Pas assez de Québécois

 

Le petit nombre de joueurs québécois réclamés par le Canadien encore cette année a évidemment soulevé des critiques.

 

Des critiques qui sont plus faciles à comprendre considérant la réalité propre du Canadien qui est le seul club évoluant au Québec et qui traditionnellement a souvent donné des chances aux petits gars de chez nous qui autrement n’en auraient pas eu.

 

Dans une chronique que je vous invite à lire ici, mon collègue Stéphane Leroux qui connaît la LHJMQ comme personne et qui est très au fait de la valeur des joueurs du circuit Courteau par rapport à celle des joueurs du reste du Canada, des États-Unis et de la vaste planète hockey souligne avec justesse que le Canadien s’est contenté de repêcher deux Québécois seulement avec ses 34 dernières sélections.

 

C’est très peu.

 

« J'adore l'intensité d'Harvey-Pinard »

Surtout lorsque l’on sort et ressort les «promesses» de Marc Bergevin et du Canadien selon lesquelles la représentation québécoise est importante pour l’organisation.

 

Ce genre de promesse mousse les attentes des amateurs et ouvre la porte aux critiques lorsqu’elles ne sont pas tenues.

 

Dans le hockey d’aujourd’hui, alors que les États-Unis développent de plus en plus de joueurs, et de très bons joueurs par-dessus le marché, alors que l’Europe continue d’offrir des jeunes très prometteurs et parfois mieux développés les jeunes nord-américains, les Québécois composent non seulement avec une compétition de plus en plus féroce, mais ils sont de moins en moins nombreux à frapper à la porte du repêchage.

 

Les recruteurs du Canadien aimaient beaucoup Samuel Poulin. Choisir le fils de l’ancien porte-couleurs du Canadien Patrick Poulin au 15e rang alors que Cole Caufield était encore disponible aurait mal servi la cause du Canadien et du jeune joueur.

 

Poulin est sorti 21e. Un peu en avant du rang où il devait être réclamé selon la majorité des spécialistes.

 

Le Canadien aimait aussi Jakob Pelletier.
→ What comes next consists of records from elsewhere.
(* Let $T'$ be a standard tableau of degree $n\ge4$ and let $u$ be the subword of its reading word formed by the letters $1,2,3,4$. Let $\Sigma_{n-4}$ denote the sum of all standard tableaux of degree $n-4$. Then $T'$ appears as a term of (a) $\mathbb B_2^{(0)}\mathbb B_2^{(0)}\Sigma_{n-4}$ iff $u\in\{1234,4123,3412\}$; (b) $\mathbb B_2^{(0)}\mathbb B_2^{(1)}\Sigma_{n-4}$ iff $u\in\{4312,3124\}$; (c) $\mathbb B_2^{(1)}\mathbb B_2^{(0)}\Sigma_{n-4}$ iff $u\in\{4213,2134\}$; (d) $\mathbb B_2^{(1)}\mathbb B_2^{(1)}\Sigma_{n-4}$ iff $u\in\{4321,3214,2413\}$.
   Context: Tableaux (French convention: rows of lengths $\lambda_1\ge\lambda_2\ge\cdots$ from bottom to top). A tableau is identified with (shape, reading word), the reading word listing the entries row by row from top row to bottom row, each row left to right; word operators act on tableaux via reading words, keeping the shape. Standard tableau of degree $n$: rows increase left to right, columns increase upwards, entries $1,\dots,n$ each once (degree $0$: the empty tableau). $T^t$ is the transpose (reflection of diagram and entries across the main diagonal). Word operators (compositions act right to left): $\tau_1$ adds $1$ to every letter; $r_{(11\to01)}$, on a word with exactly two letters $1$, replaces the first by $0$; for a word with $(\mathrm{ev}_a,\mathrm{ev}_{a+1})\in\{(1,2),(2,1)\}$ ($\mathrm{ev}_i$ = number of occurrences of $i$), $\sigma_a$ replaces the subword of letters in $\{a,b\}$, $b=a+1$, in place, via $aab\leftrightarrow abb$, $aba\leftrightarrow bba$, $baa\leftrightarrow bab$. For a tableau $T$ of degree $n$, $A_{n+1,n+1}T$ is the sum of all tableaux obtained by adding two cells containing $n+1$ so that the new shape is a partition diagram and the two new cells lie in different columns. Operators and transposition extend linearly to $\mathbb Z$-linear combinations of tableaux. For standard $T$ of degree $n$: $\mathbb B_2^{(0)}T=\tau_1r_{(11\to01)}\sigma_1\sigma_2\cdots\sigma_nA_{n+1,n+1}T$ and $\mathbb B_2^{(1)}T=(\mathbb B_2^{(0)}T^t)^t$. *)

theory Defs
  imports Main
begin
(* With the notation of the context, $$\sum_{\lambda\in\mathcal{D}}(-1)^{n_\lambda}(m_\lambda+n_\lambda)q^{N_\lambda} =\sum_{r=1}^\infty(-1)^r\Big[(3r-1)q^{r(3r-1)/2}+3r\,q^{r(3r+1)/2}\Big]$$ as formal power series in $q$.
   Context: $\mathcal{D}$ denotes the set of all partitions into distinct parts (of all nonnegative integers, including the empty partition of $0$). For $\lambda\in\mathcal{D}$, $N_\lambda$ is the integer partitioned by $\lambda$, $n_\lambda$ is the number of parts of $\lambda$, and $m_\lambda$ is the largest part of $\lambda$ (with $m_\lambda=0$ for the empty partition). *)

theory Defs
  imports "HOL-Computational_Algebra.Formal_Power_Series"
begin

text \<open>A partition into distinct parts is represented by its (finite) set of parts,
  all of which are positive integers. The empty set is the empty partition of 0.\<close>

definition distinct_partition :: "nat set \<Rightarrow> bool" where
  "distinct_partition S \<longleftrightarrow> finite S \<and> 0 \<notin> S"

definition part_sum :: "nat set \<Rightarrow> nat" where
  "part_sum S = \<Sum>S"

definition num_parts :: "nat set \<Rightarrow> nat" where
  "num_parts S = card S"

definition largest_part :: "nat set \<Rightarrow> nat" where
  "largest_part S = (if S = {} then 0 else Max S)"

definition distinct_partitions_of :: "nat \<Rightarrow> nat set set" where
  "distinct_partitions_of N = {S. distinct_partition S \<and> part_sum S = N}"

end

theory Submission
  imports Defs "HOL-Library.Disjoint_Sets"
begin

(* Franklin's involution. Let a nonempty partition into distinct parts have n parts, largest
   part m, smallest part s (the base) and slope \<sigma>, the length of the maximal run m, m - 1, ...
   of consecutive parts. If s \<le> \<sigma>, delete the base and add 1 to each of the s largest parts;
   otherwise subtract 1 from each of the \<sigma> largest parts and add \<sigma> as a new part. Both moves
   preserve the partitioned number, are inverse to each other, and change (n, m) to (n - 1, m + 1)
   or (n + 1, m - 1), so they preserve m + n and flip (-1)^n. This breaks down only when the base
   lies on the slope and s = \<sigma> or s = \<sigma> + 1, that is, for the pentagonal partitions
   {r, ..., 2r - 1} of r(3r - 1)/2 and {r + 1, ..., 2r} of r(3r + 1)/2. Their weights
   (-1)^r (3r - 1) and (-1)^r 3r make up the right-hand side; the empty partition has weight 0. *)

lemma sum_insert_Diff2:
  fixes S :: "'a::comm_monoid_add set"
  assumes "finite S" "a \<in> S" "b \<in> S" "a \<noteq> b" "c \<notin> S"
  shows "\<Sum>(insert c (S - {a, b})) + (a + b) = \<Sum>S + c"
proof -
  have "S = insert a (insert b (S - {a, b}))" using assms by auto
  then have "\<Sum>S = a + (b + \<Sum>(S - {a, b}))"
    using assms by (metis Diff_iff finite_insert insertCI insertE sum.insert)
  then show ?thesis using assms by (simp add: ac_simps)
qed

lemma card_insert_Diff2:
  assumes "finite S" "a \<in> S" "b \<in> S" "a \<noteq> b" "c \<notin> S"
  shows "card (insert c (S - {a, b})) + 1 = card S"
proof -
  have "card {a, b} \<le> card S" using assms by (intro card_mono) auto
  then have "card (S - {a, b}) + 2 = card S"
    using assms by (simp add: card_Diff_subset)
  then show ?thesis using assms by simp
qed
lemma lborel_complex_eq_distr_pair:
  "(lborel :: complex measure) = distr (lborel \<Otimes>\<^sub>M lborel) borel (\<lambda>p. Complex (fst p) (snd p))"
proof (rule lborel_eqI)
  fix l u :: complex
  assume le: "\<And>b. b \<in> Basis \<Longrightarrow> l \<bullet> b \<le> u \<bullet> b"
  have "Re l \<le> Re u" "Im l \<le> Im u"
    using le[of 1] le[of \<i>] by (auto simp: inner_complex_def)
  moreover have "(\<lambda>p. Complex (fst p) (snd p)) -` box l u \<inter> space (lborel \<Otimes>\<^sub>M lborel)
      = {Re l<..<Re u} \<times> {Im l<..<Im u}"
    by (auto simp: box_def Basis_complex_def inner_complex_def space_pair_measure)
  ultimately show "emeasure (distr (lborel \<Otimes>\<^sub>M lborel) borel (\<lambda>p. Complex (fst p) (snd p))) (box l u)
      = (\<Prod>b\<in>Basis. (u - l) \<bullet> b)"
    by (simp add: emeasure_distr lborel.emeasure_pair_measure_Times Basis_complex_def
        inner_complex_def ennreal_mult)
qed simp

lemma nn_integral_lborel_complex:
  assumes [measurable]: "g \<in> borel_measurable (borel :: complex measure)"
  shows "(\<integral>\<^sup>+ z. g z \<partial>lborel) = (\<integral>\<^sup>+ a. (\<integral>\<^sup>+ b. g (Complex a b) \<partial>lborel) \<partial>lborel)"
proof -
  have "(\<integral>\<^sup>+ z. g z \<partial>lborel) = (\<integral>\<^sup>+ p. g (Complex (fst p) (snd p)) \<partial>(lborel \<Otimes>\<^sub>M lborel))"
    by (subst lborel_complex_eq_distr_pair) (simp add: nn_integral_distr)
  also have "\<dots> = (\<integral>\<^sup>+ a. (\<integral>\<^sup>+ b. g (Complex a b) \<partial>lborel) \<partial>lborel)"
    by (subst lborel.nn_integral_fst[symmetric]) auto
  finally show ?thesis .
qed

lemma nn_integral_lborel_even:
  fixes f :: "real \<Rightarrow> ennreal"
  assumes [measurable]: "f \<in> borel_measurable borel" and even: "\<And>x. f (- x) = f x"
  shows "(\<integral>\<^sup>+ x. f x \<partial>lborel) = 2 * (\<integral>\<^sup>+ x. f x * indicator {0..} x \<partial>lborel)"
proof -
  have "(\<integral>\<^sup>+ x. f x \<partial>lborel) = (\<integral>\<^sup>+ x. f x * indicator {0..} x + f x * indicator {..<0} x \<partial>lborel)"
    by (intro nn_integral_cong) (auto split: split_indicator)
  also have "\<dots> = (\<integral>\<^sup>+ x. f x * indicator {0..} x \<partial>lborel) + (\<integral>\<^sup>+ x. f x * indicator {..<0} x \<partial>lborel)"
    by (rule nn_integral_add) auto
  also have "(\<integral>\<^sup>+ x. f x * indicator {..<0} x \<partial>lborel)
      = (\<integral>\<^sup>+ x. f (0 + (-1) * x) * indicator {..<0} (0 + (-1) * x) \<partial>lborel)"
    by (subst nn_integral_real_affine[where c = "-1" and t = 0]) auto
  also have "\<dots> = (\<integral>\<^sup>+ x. f x * indicator {0..} x \<partial>lborel)"
    by (intro nn_integral_cong_AE AE_I[where N = "{0}"]) (auto simp: even split: split_indicator)
  finally show ?thesis
    by (simp add: mult_2)
qed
Les Flames de Calgary aussi puisqu’ils l’ont réclamé au 26e rang. Encore là, autour du rang qui était associé à son nom.

 

Repêché au 38e rang par les Oilers d’Edmonton, Raphaël Lavoie n’était plus disponible lorsque le Canadien a réclamé le défenseur américain Jayden Struble au 46e rang.

 

Est-ce que le Canadien aurait pu conclure une transaction et s’avancer pour repêcher Lavoie?

 

C’est bien sûr.

 

Mais le Canadien n’est pas obligé d’être en «amour» avec tous les Québécois. Peut-être que le Canadien tenait bien plus à Struble qu’à Lavoie. Surtout que l’Américain est un défenseur gaucher, une denrée trop rare dans la banque d’espoirs du Canadien.

 

Samuel Bolduc? Oui le Canadien l’a laissé filer et les Islanders l’ont sélectionné en fin de deuxième ronde. Mais avec Joël Bouchard qui l’a dirigé à Blainville-Boisbriand, le Canadien avait des rapports détaillés sur les forces et les faiblesses de ce joueur.

 

Là encore, le Tricolore a peut-être pris la décision de préférer un joueur qu’il convoitait davantage que Bolduc.

 

À tort ou à raison? On le saura dans quelques années.

 

Et comme le Canadien avait besoin de faire le plein de défenseur gaucher, il en a enfilé quatre de suite avec les sélections de Struble, le Suédois Mattias Norlinder, Gianni Fairbrother et Jacob Leguerrier, un franco-ontarien de Gloucester dans la banlieue est d’Ottawa.

 

Ce besoin de défenseur et le fait que le Canadien tenait à Mattias Norlinder ont coûté une sélection à Nathan Légaré.

 

Certains diront que le Canadien n’aime donc pas assez les joueurs québécois. C’est peut-être parfois le cas. Et au lieu de prétendre qu’il les aime tous et qu’il tient à les repêcher, le Canadien devrait plus froidement indiquer qu’il préférait plus tel joueur ou tel autre en raison de la position qu’il occupe et des qualités qu’il lui trouve. Peu importe qu’il soit Américain, Russe, Finlandais, Suédois ou Québécois francophone.

 

Il me semble qu’en affichant froidement ses couleurs, le Canadien aiderait certains partisans à comprendre et minimiserait les critiques à défaut de les éliminer.

 

Mais bon.

 

Le Canadien s’est rabattu sur Rafael Harvey-Pinard avec la 201e sélection. C’était trop peu trop tard, car de nombreux partisans échaudés ont simplement convenu qu’il s’agissait là d’un mal nécessaire.

 

Rien pour aider le hockeyeur de 20 ans de célébrer le fait qu’il soit enfin repêché après avoir été boudé lors des deux dernières années.

 

Une autre preuve qu’il est impossible de satisfaire tout le monde.

 

Le plus important dans tout ça, c’est qu’il faudra deux, trois ou quatre ans avant de pouvoir conclure si le Canadien a fait du bon travail en fin de semaine. S’il a pris les bonnes décisions. S’il a eu raison de favoriser Struble et Norlinder au détriment des Québécois qui étaient alors disponibles. Et de tous les autres qui l’étaient aussi.

 

C’est la beauté du repêchage. Et sa grande noirceur en même temps.

 

Une réalité qui devrait inviter les amateurs à éviter de sauter aux conclusions trop vite et à s’indigner du sort réservé aux joueurs de chez-nous avant même d’avoir des indications concrètes qu’il y a des motifs de s’indigner.

 

Un autre exemple de la mission difficile, presque impossible, qu’ont à remplir les recruteurs du Canadien et des 30 autres équipes chaque année.

 

Et ce sera le cas pour la 32e équipe lorsque Seattle fera son entrée dans la LNH dans deux ans.